■ Assignment
Go line by line through the entries and show those that hold the string "zero".

■ Supplied material
[Start of section]

(* Let $\widetilde{C}_4$ be the infinite graph with vertex set $\{0,u,0',d\}\cup\{1,2,3,\dots\}\cup\{-1,-2,-3,\dots\}$ and edge set $\{\{0,u\},\{u,0'\},\{0',d\},\{d,0\}\}\cup\{\{n,n+1\}:n\ge1\}\cup\{\{-n,-n-1\}:n\ge1\}\cup\{\{0',-1\},\{0,1\}\}$. Let $U$ be the Grover walk operator on $\ell^2(A(\widetilde{C}_4))$, let $\Psi_0\in\ell^2(A(\widetilde{C}_4))$ with $\|\Psi_0\|=1$, let $\Psi_t=U^t\Psi_0$, and let $X_t$ be the $\mathbb{Z}$-valued random variable with $\mathbb{P}(X_t=j)=\sum_{v\in V_j}\mu_t(v)$, where $V_j=\{j\}$ for $j\neq0$ and $V_0=\{0,u,0',d\}$. Let $c=((0',u),(u,0),(0,d),(d,0'))$ and let $\bar c=((0',d),(d,0),(0,u),(u,0'))$ be the reversed cycle. For $m\in\{1,2,3,4\}$ put $\Gamma_m=\mathrm{span}\{w^{(m)}(c)-w^{(m)}(\bar c)\}$, and let $\Gamma=\Gamma_1+\Gamma_2+\Gamma_3+\Gamma_4$. Then localization occurs for the sequence of distributions of $X_t$ (that is, there is an integer $j$ with $\limsup_{t\to\infty}\mathbb{P}(X_t=j)>0$) if and only if $\Psi_0\notin\Gamma^{\perp}$.
   Context: $A(G)=\{(u,v):\{u,v\}\in E(G)\}$ is the set of arcs of $G$; for $e=(u,v)$ write $o(e)=u$, $t(e)=v$ and $\bar e=(v,u)$. The Hilbert space $\ell^2(A(G))$ has the standard basis $\{\delta_e\}_{e\in A(G)}$. The Grover walk operator $U$ on $\ell^2(A(G))$ is defined by $$\langle\delta_f,U\delta_e\rangle=\Big(\tfrac{2}{\deg o(e)}-\delta_{e,\bar f}\Big)\mathbf 1_{\{o(e)=t(f)\}}.$$ The distribution at time $t$ is $\mu_t(v)=\sum_{e:\,o(e)=v}|\Psi_t(e)|^2$. For a path $p=(e_1,\dots,e_n)$ and $m\in\mathbb{N}$, set $w^{(m)}(p)=\sum_{j=1}^n e^{2\pi i m j/n}\delta_{e_j}$; here $n=4$. Localization of a sequence of distributions $\rho_t$ on $\mathbb{Z}$ means that there exists an integer $j$ with $\limsup_{t\to\infty}\rho_t(j)>0$. *)

theory Defs
  imports "HOL-Analysis.Analysis" "HOL-Library.Liminf_Limsup"
begin

text \<open>Vertices of the graph C4-tilde: N j is the integer vertex j (N 0 is the vertex 0),
  Uv is u, Zp is 0', Dv is d.\<close>
datatype vert = N int | Uv | Zp | Dv

definition edges :: "vert set set" where
  "edges = {{N 0, Uv}, {Uv, Zp}, {Zp, Dv}, {Dv, N 0}}
     \<union> {{N n, N (n + 1)} | n. n \<ge> 1}
     \<union> {{N (- n), N (- n - 1)} | n. n \<ge> 1}
     \<union> {{Zp, N (-1)}, {N 0, N 1}}"

definition arcs :: "(vert \<times> vert) set" where
  "arcs = {(a, b). {a, b} \<in> edges}"

definition deg :: "vert \<Rightarrow> nat" where
  "deg v = card {w. {v, w} \<in> edges}"

definition grover :: "(vert \<times> vert \<Rightarrow> complex) \<Rightarrow> (vert \<times> vert \<Rightarrow> complex)" where
  "grover \<psi> f = (if f \<in> arcs then
     (\<Sum>e\<in>{e \<in> arcs. fst e = snd f}.
        (complex_of_real (2 / real (deg (fst e))) - (if e = prod.swap f then 1 else 0)) * \<psi> e)
   else 0)"

definition mu :: "(vert \<times> vert \<Rightarrow> complex) \<Rightarrow> vert \<Rightarrow> real" where
  "mu \<psi> v = (\<Sum>e\<in>{e \<in> arcs. fst e = v}. (cmod (\<psi> e))\<^sup>2)"

definition Vset :: "int \<Rightarrow> vert set" where
  "Vset j = (if j = 0 then {N 0, Uv, Zp, Dv} else {N j})"

definition probX :: "(vert \<times> vert \<Rightarrow> complex) \<Rightarrow> int \<Rightarrow> real" where
  "probX \<psi> j = (\<Sum>v\<in>Vset j. mu \<psi> v)"

definition wvec :: "nat \<Rightarrow> (vert \<times> vert) list \<Rightarrow> (vert \<times> vert \<Rightarrow> complex)" where
  "wvec m p = (\<lambda>e. \<Sum>j\<in>{1..length p}.
      (if p ! (j - 1) = e
       then exp (2 * pi * \<i> * of_nat m * of_nat j / of_nat (length p)) else 0))"

definition cyc :: "(vert \<times> vert) list" where
  "cyc = [(Zp, Uv), (Uv, N 0), (N 0, Dv), (Dv, Zp)]"

definition cycbar :: "(vert \<times> vert) list" where
  "cycbar = [(Zp, Dv), (Dv, N 0), (N 0, Uv), (Uv, Zp)]"

definition gvec :: "nat \<Rightarrow> (vert \<times> vert \<Rightarrow> complex)" where
  "gvec m = (\<lambda>e. wvec m cyc e - wvec m cycbar e)"

definition Gamma :: "(vert \<times> vert \<Rightarrow> complex) set" where
  "Gamma = {(\<lambda>e. \<Sum>m\<in>{1..4}. a m * gvec m e) | a :: nat \<Rightarrow> complex. True}"

definition l2 :: "(vert \<times> vert \<Rightarrow> complex) set" where
  "l2 = {\<psi>. (\<forall>e. e \<notin> arcs \<longrightarrow> \<psi> e = 0) \<and> (\<lambda>e. (cmod (\<psi> e))\<^sup>2) summable_on arcs}"

definition l2norm :: "(vert \<times> vert \<Rightarrow> complex) \<Rightarrow> real" where
  "l2norm \<psi> = sqrt (infsum (\<lambda>e. (cmod (\<psi> e))\<^sup>2) arcs)"

definition l2inner :: "(vert \<times> vert \<Rightarrow> complex) \<Rightarrow> (vert \<times> vert \<Rightarrow> complex) \<Rightarrow> complex" where
  "l2inner \<phi> \<psi> = infsum (\<lambda>e. cnj (\<phi> e) * \<psi> e) arcs"

definition perp :: "(vert \<times> vert \<Rightarrow> complex) set \<Rightarrow> (vert \<times> vert \<Rightarrow> complex) set" where
  "perp S = {\<psi> \<in> l2. \<forall>\<phi>\<in>S. l2inner \<phi> \<psi> = 0}"

end

theory Submission
  imports Defs
begin

text \<open>Let \<open>a\<^sub>j = \<psi>(c\<^sub>j) - \<psi>(cbar\<^sub>j)\<close> and \<open>s\<^sub>j = \<psi>(c\<^sub>j) + \<psi>(cbar\<^sub>j)\<close> be the parts of
  \<open>\<psi>\<close> on the 4-cycle that are odd and even under the symmetry swapping \<open>u\<close> and \<open>d\<close>.
  The inner products of \<open>\<psi>\<close> with the generators of \<open>\<Gamma>\<close> are the discrete Fourier transform
  of \<open>(a\<^sub>j)\<close>, so \<open>\<psi> \<in> \<Gamma>\<^sup>\<perp>\<close> iff all \<open>a\<^sub>j\<close> vanish. The walk shifts \<open>(a\<^sub>j)\<close>
  cyclically, so \<open>\<Sum>|a\<^sub>j|\<^sup>2\<close> is conserved; as it is at most \<open>2 P(X\<^sub>t = 0)\<close>, the walk
  localizes when \<open>\<Psi>\<^sub>0 \<notin> \<Gamma>\<^sup>\<perp>\<close>. Conversely, if the \<open>a\<^sub>j\<close> vanish then every cycle
  amplitude is \<open>s\<^sub>j/2\<close>. Four steps contract \<open>s\<^sub>1\<close> and \<open>s\<^sub>3\<close> by \<open>1/9\<close> up to the inflow
  from the two rays, which tends to zero by square summability, and the amplitudes travelling
  outwards along the rays are delayed copies of those leaving the hubs \<open>0\<close> and \<open>0'\<close>.
  Hence every arc amplitude, and with it every \<open>P(X\<^sub>t = j)\<close>, tends to zero.\<close>

fun nbrs :: "vert \<Rightarrow> vert set" where
  "nbrs (N n) =
     (if n = 0 then {Uv, Dv, N 1} else if n = -1 then {Zp, N (-2)} else {N (n - 1), N (n + 1)})"
| "nbrs Uv = {N 0, Zp}"
| "nbrs Zp = {Uv, Dv, N (-1)}"
| "nbrs Dv = {Zp, N 0}"

lemma edge_iff_nbrs: "{v, w} \<in> edges \<longleftrightarrow> w \<in> nbrs v"
  apply (cases v; cases w)
  apply (auto simp: edges_def doubleton_eq_iff)
  apply presburger+
  done

lemma arc_iff_nbrs: "(v, w) \<in> arcs \<longleftrightarrow> w \<in> nbrs v"
  by (simp add: arcs_def edge_iff_nbrs)

lemma nbrs_sym: "w \<in> nbrs v \<longleftrightarrow> v \<in> nbrs w"
  by (metis edge_iff_nbrs insert_commute)

lemma finite_nbrs [simp]: "finite (nbrs v)"
  by (cases v) auto

lemma out_arcs_eq: "{e \<in> arcs. fst e = v} = Pair v ` nbrs v"
  by (auto simp: arc_iff_nbrs)

lemma deg_eq_card_nbrs: "deg v = card (nbrs v)"
  by (simp add: deg_def edge_iff_nbrs)

lemma mu_eq: "mu \<psi> v = (\<Sum>w\<in>nbrs v. (cmod (\<psi> (v, w)))\<^sup>2)"
  unfolding mu_def out_arcs_eq by (subst sum.reindex) (auto simp: inj_on_def)

definition out_sum :: "(vert \<times> vert \<Rightarrow> complex) \<Rightarrow> vert \<Rightarrow> complex" where
  "out_sum \<psi> v = (\<Sum>w\<in>nbrs v. \<psi> (v, w))"

lemma out_sum_hubs:
  "out_sum \<psi> (N 0) = \<psi> (N 0, Uv) + \<psi> (N 0, Dv) + \<psi> (N 0, N 1)"
  "out_sum \<psi> Zp = \<psi> (Zp, Uv) + \<psi> (Zp, Dv) + \<psi> (Zp, N (-1))"
  by (simp_all add: out_sum_def add.assoc)

lemma grover_arc:
  assumes "v \<in> nbrs a"
  shows "grover \<psi> (a, v) = 2 / card (nbrs v) * out_sum \<psi> v - \<psi> (v, a)"
proof -
  have a: "a \<in> nbrs v" using assms nbrs_sym by blast
  have "grover \<psi> (a, v) =
      (\<Sum>w\<in>nbrs v. (2 / of_nat (card (nbrs v)) - (if w = a then 1 else 0)) * \<psi> (v, w))"
    unfolding grover_def out_arcs_eq using assms
    by (subst sum.reindex) (auto simp: inj_on_def arc_iff_nbrs deg_eq_card_nbrs)
  also have "\<dots> = 2 / card (nbrs v) * out_sum \<psi> v - (\<Sum>w\<in>nbrs v. if w = a then \<psi> (v, w) else 0)"
    unfolding out_sum_def sum_distrib_left sum_subtractf[symmetric]
    by (rule sum.cong) (auto simp: algebra_simps)
  finally show ?thesis using a by simp
qed

lemma grover_transmit:
  assumes "nbrs v = {a, b}" "a \<noteq> b"
  shows "grover \<psi> (a, v) = \<psi> (v, b)"
  using assms by (subst grover_arc) (auto simp: out_sum_def nbrs_sym)

lemma grover_into_hub:
  assumes "v \<in> nbrs h" and "h = N 0 \<or> h = Zp"
  shows "grover \<psi> (v, h) = 2/3 * out_sum \<psi> h - \<psi> (h, v)"
  using assms by (subst grover_arc) (auto simp: nbrs_sym)

lemma grover_along_cycle:
  "grover \<psi> (N 0, Uv) = \<psi> (Uv, Zp)" "grover \<psi> (N 0, Dv) = \<psi> (Dv, Zp)"
  "grover \<psi> (Zp, Uv) = \<psi> (Uv, N 0)" "grover \<psi> (Zp, Dv) = \<psi> (Dv, N 0)"
  by (rule grover_transmit; auto)+

text \<open>\<open>(U \<psi>)(a, v)\<close> is computed from the arcs leaving \<open>v\<close>, so amplitude moves against the
  direction of the arcs: arcs pointing away from the hubs carry amplitude towards them.\<close>
lemma grover_outward_arc:
  "n \<ge> 0 \<Longrightarrow> grover \<psi> (N n, N (n + 1)) = \<psi> (N (n + 1), N (n + 2))"
  "n \<le> -1 \<Longrightarrow> grover \<psi> (N n, N (n - 1)) = \<psi> (N (n - 1), N (n - 2))"
  "grover \<psi> (Zp, N (-1)) = \<psi> (N (-1), N (-2))"
  by (rule grover_transmit; auto simp: insert_commute)+

lemma grover_inward_arc:
  "grover \<psi> (N (int k + 2), N (int k + 1)) = \<psi> (N (int k + 1), N (int k))"
  "grover \<psi> (N (- int k - 3), N (- int k - 2)) = \<psi> (N (- int k - 2), N (- int k - 1))"
  "grover \<psi> (N (-2), N (-1)) = \<psi> (N (-1), Zp)"
  by (rule grover_transmit; auto simp: insert_commute)+

lemma sum_1_to_4: "(\<Sum>j=1..4. f j) = f 1 + f 2 + f 3 + f (4::nat)"
  by (simp add: numeral_eq_Suc add.assoc)

definition cycle_asym :: "(vert \<times> vert \<Rightarrow> complex) \<Rightarrow> nat \<Rightarrow> complex" where
  "cycle_asym \<psi> j = \<psi> (cyc ! (j - 1)) - \<psi> (cycbar ! (j - 1))"

definition cycle_sym :: "(vert \<times> vert \<Rightarrow> complex) \<Rightarrow> nat \<Rightarrow> complex" where
  "cycle_sym \<psi> j = \<psi> (cyc ! (j - 1)) + \<psi> (cycbar ! (j - 1))"

lemma cycle_asym_simps:
  "cycle_asym \<psi> 1 = \<psi> (Zp, Uv) - \<psi> (Zp, Dv)" "cycle_asym \<psi> 2 = \<psi> (Uv, N 0) - \<psi> (Dv, N 0)"
  "cycle_asym \<psi> 3 = \<psi> (N 0, Dv) - \<psi> (N 0, Uv)" "cycle_asym \<psi> 4 = \<psi> (Dv, Zp) - \<psi> (Uv, Zp)"
  by (simp_all add: cycle_asym_def cyc_def cycbar_def)

lemma cycle_sym_simps:
  "cycle_sym \<psi> 1 = \<psi> (Zp, Uv) + \<psi> (Zp, Dv)" "cycle_sym \<psi> 2 = \<psi> (Uv, N 0) + \<psi> (Dv, N 0)"
  "cycle_sym \<psi> 3 = \<psi> (N 0, Dv) + \<psi> (N 0, Uv)" "cycle_sym \<psi> 4 = \<psi> (Dv, Zp) + \<psi> (Uv, Zp)"
  by (simp_all add: cycle_sym_def cyc_def cycbar_def)

text \<open>On the antisymmetric part the hub coins act as pure reflections, so \<open>U\<close> shifts it around
  the cycle.\<close>
lemma cycle_asym_grover:
  "cycle_asym (grover \<psi>) 1 = cycle_asym \<psi> 2"
  "cycle_asym (grover \<psi>) 2 = cycle_asym \<psi> 3"
  "cycle_asym (grover \<psi>) 3 = cycle_asym \<psi> 4"
  "cycle_asym (grover \<psi>) 4 = cycle_asym \<psi> 1"
  unfolding cycle_asym_simps by (simp_all add: grover_along_cycle grover_into_hub)

lemma cycle_sym_grover:
  "cycle_sym (grover \<psi>) 1 = cycle_sym \<psi> 2"
  "cycle_sym (grover \<psi>) 2 = cycle_sym \<psi> 3 / 3 + 4/3 * \<psi> (N 0, N 1)"
  "cycle_sym (grover \<psi>) 3 = cycle_sym \<psi> 4"
  "cycle_sym (grover \<psi>) 4 = cycle_sym \<psi> 1 / 3 + 4/3 * \<psi> (Zp, N (-1))"
  unfolding cycle_sym_simps
  by (simp_all add: grover_along_cycle grover_into_hub out_sum_hubs field_simps)

definition cycle_energy :: "(vert \<times> vert \<Rightarrow> complex) \<Rightarrow> real" where
  "cycle_energy \<psi> = (\<Sum>j=1..4. (cmod (cycle_asym \<psi> j))\<^sup>2)"

lemma cycle_energy_grover: "cycle_energy (grover \<psi>) = cycle_energy \<psi>"
  unfolding cycle_energy_def sum_1_to_4 cycle_asym_grover by simp

lemma cycle_energy_eq_0_iff: "cycle_energy \<psi> = 0 \<longleftrightarrow> (\<forall>j\<in>{1..4}. cycle_asym \<psi> j = 0)"
  by (simp add: cycle_energy_def sum_nonneg_eq_0_iff)

lemma exp_quarter_turn: "exp (2 * pi * \<i> * of_nat m * of_nat j / of_nat 4) = \<i> ^ (m * j)"
proof -
  have "2 * pi * \<i> * of_nat m * of_nat j / of_nat 4 = of_nat (m * j) * (\<i> * of_real (pi / 2))"
    by (simp add: field_simps)
  then show ?thesis by (simp only: exp_of_nat_mult cis_conv_exp[symmetric] cis_pi_half)
qed

lemma length_cycles: "length cyc = 4" "length cycbar = 4"
  by (simp_all add: cyc_def cycbar_def)

lemma gvec_eq:
  "gvec m e = (\<Sum>j=1..4. \<i> ^ (m * j) *
     ((if cyc ! (j - 1) = e then 1 else 0) - (if cycbar ! (j - 1) = e then 1 else 0)))"
  unfolding gvec_def wvec_def length_cycles exp_quarter_turn sum_subtractf[symmetric]
  by (rule sum.cong) (simp_all add: right_diff_distrib)

lemma cycle_arcs: "finite (set cyc \<union> set cycbar)" "set cyc \<union> set cycbar \<subseteq> arcs"
  by (auto simp: cyc_def cycbar_def arc_iff_nbrs)

lemma nth_cycle_arcs:
  assumes "j \<in> {1..4}"
  shows "cyc ! (j - 1) \<in> set cyc \<union> set cycbar" "cycbar ! (j - 1) \<in> set cyc \<union> set cycbar"
  using assms by (auto simp: length_cycles)

lemma gvec_support: "e \<notin> set cyc \<union> set cycbar \<Longrightarrow> gvec m e = 0"
  unfolding gvec_eq by (rule sum.neutral) (use nth_cycle_arcs in fastforce)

[End of section]

■ Answer section
  from the two rays, which tends to zero by square summability, and the amplitudes travelling
  Hence every arc amplitude, and with it every \<open>P(X\<^sub>t = j)\<close>, tends to zero.\<close>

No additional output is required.